Plongée dans ses pensées peu convenables qui lui donnaient un air hilare bien malvenu, elle avait mécaniquement suivi le cortège, jusqu’à une salle de restaurant réservée aux petites « réjouissances ». Malgré son dégoût du contraste entre la douleur et la « bouffe », la peine et les douceurs sucrées qui encombraient la table, elle s’accorda, gourmande, un bon morceau de tarte aux pommes, après tout elle l’avait mérité, elle y avait droit, son plaisir ne pouvant faire diversion d’aucune peine puisqu’elle n’en avait pas.
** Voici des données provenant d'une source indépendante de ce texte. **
theorem mainTheorem5:
  fixes d m :: nat
    and p :: "complex poly"
    and f0 :: "complex \<Rightarrow> complex"
    and a :: "nat \<Rightarrow> nat \<Rightarrow> complex"
    and t :: "nat \<Rightarrow> nat \<Rightarrow> real"
    and s :: "nat \<Rightarrow> nat \<Rightarrow> int"
  assumes d_pos: "d \<ge> 1"
    and p_monic: "lead_coeff p = 1"
    and p_deg: "degree p = d"
    and f0_def: "f0 = (\<lambda>z. poly p (exp z))"
    and orbit: "\<And>i j. i \<in> {1..m} \<Longrightarrow> a i (Suc j) = f0 (a i j)"
    and escape: "\<And>i. i \<in> {1..m} \<Longrightarrow> filterlim (\<lambda>j. cmod (a i j)) at_top sequentially"
    and pot_pos: "\<And>i j. i \<in> {1..m} \<Longrightarrow> t i j > 0"
    and pot_step: "\<And>i j. i \<in> {1..m} \<Longrightarrow> t i (Suc j) = potF d (t i j)"
    and asymp: "\<exists>C. \<forall>i\<in>{1..m}. \<forall>j.
        cmod (a i j - (of_real (t i j) + 2 * of_real pi * \<i> * of_int (s i j) / of_nat d))
          \<le> C * exp (- t i j / 2)"
    and distinct_rays: "\<And>i j k l. i \<in> {1..m} \<Longrightarrow> k \<in> {1..m} \<Longrightarrow>
        (\<forall>n. s i (j + n) = s k (l + n)) \<Longrightarrow> i = k \<and> j = l"
  shows "\<exists>J. \<forall>j\<ge>J. \<forall>i\<in>{1..m}. \<forall>k\<in>{1..m}. \<forall>l.
           a i j \<noteq> a k l \<and> same_cluster t s i j k l \<longrightarrow>
           (let H = sepH t s i j k l; tt = t i j in
            \<exists>\<nu>\<in>Aset d tt (H - 1). \<exists>\<delta>\<in>Dset d a s i (j + H) k (l + H).
              a k l - a i j =
                2 * of_real pi * \<i> * of_int (s k (l + H) - s i (j + H))
                  / (of_nat d * of_real (deriv (potF d ^^ H) tt)) * \<nu> * \<delta>)"
proof -
  obtain C where C: "\<forall>i\<in>{1..m}. \<forall>j.
      cmod (a i j - cluster_center d (t i j) (s i j)) \<le> C * exp (- t i j / 2)"
    using asymp unfolding cluster_center_def by blast
  obtain K where "0 \<le> K" and K: "\<forall>w. 1 \<le> cmod w \<longrightarrow>
      cmod (poly (pderiv p) w * w - of_nat d * w ^ d) \<le> K * cmod w ^ (d - 1)"
    using monic_pderiv_mult_bound[OF p_monic p_deg] by blast
  interpret cluster_orbits d p K "max C 0" m a t s
  proof unfold_locales
    show "cmod (poly (pderiv p) w * w - of_nat d * w ^ d) \<le> K * cmod w ^ (d - 1)"
      if "1 \<le> cmod w" for w
      using K that by blast
    show "a i (Suc j) = poly p (exp (a i j))" if "i \<in> {1..m}" for i j
      using orbit[OF that] by (simp add: f0_def)
    show "cmod (a i j - cluster_center d (t i j) (s i j)) \<le> max C 0 * exp (- t i j / 2)"
      if "i \<in> {1..m}" for i j
      using C that by (meson max.cobounded1 exp_ge_zero mult_right_mono order_trans)
    show "i = k \<and> j = l"
      if "i \<in> {1..m}" "k \<in> {1..m}" "\<forall>n. s i (j + n) = s k (l + n)" for i j k l
      using distinct_rays[OF that] .
  qed (use d_pos in \<open>simp_all add: \<open>0 \<le> K\<close> pot_pos pot_step\<close>)
  show ?thesis
    by (rule cluster_difference_expansion)
qed

end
Finalement cet enterrement mettait fin, une fin dernière à cette absence de mère. Désormais enterrée, son absence ne lui pèserait plus. Elle pouvait enfin jeter la poubelle ! Elle aurait presque voulu l’étreindre maintenant, c’était fini, elle ne lui manquerait plus, et puis la remercier aussi finalement de lui avoir manqué toute sa vie. Parce qu’en retour elle avait aimé ses enfants comme une folle, presque trop même, ironie du sort en effet, sa fille un jour lui dit « maman tu vois c’est comme dans ce roman que je lis, ce n’est pas que je ne t’aime pas quand je suis comme ça, mais tu es trop présente et ton amour m’étouffe ».

Bien sûr ce jour là et aussitôt elle avait éclaté en sanglots, mais trop d’amour vaut mieux que pas du tout et ils en débordaient pour elle, et si de rares fois on s’agaçait, au moins on se parlait, beaucoup, beaucoup, on se touchait on s’embrassait et on riait. Et on s’aimait.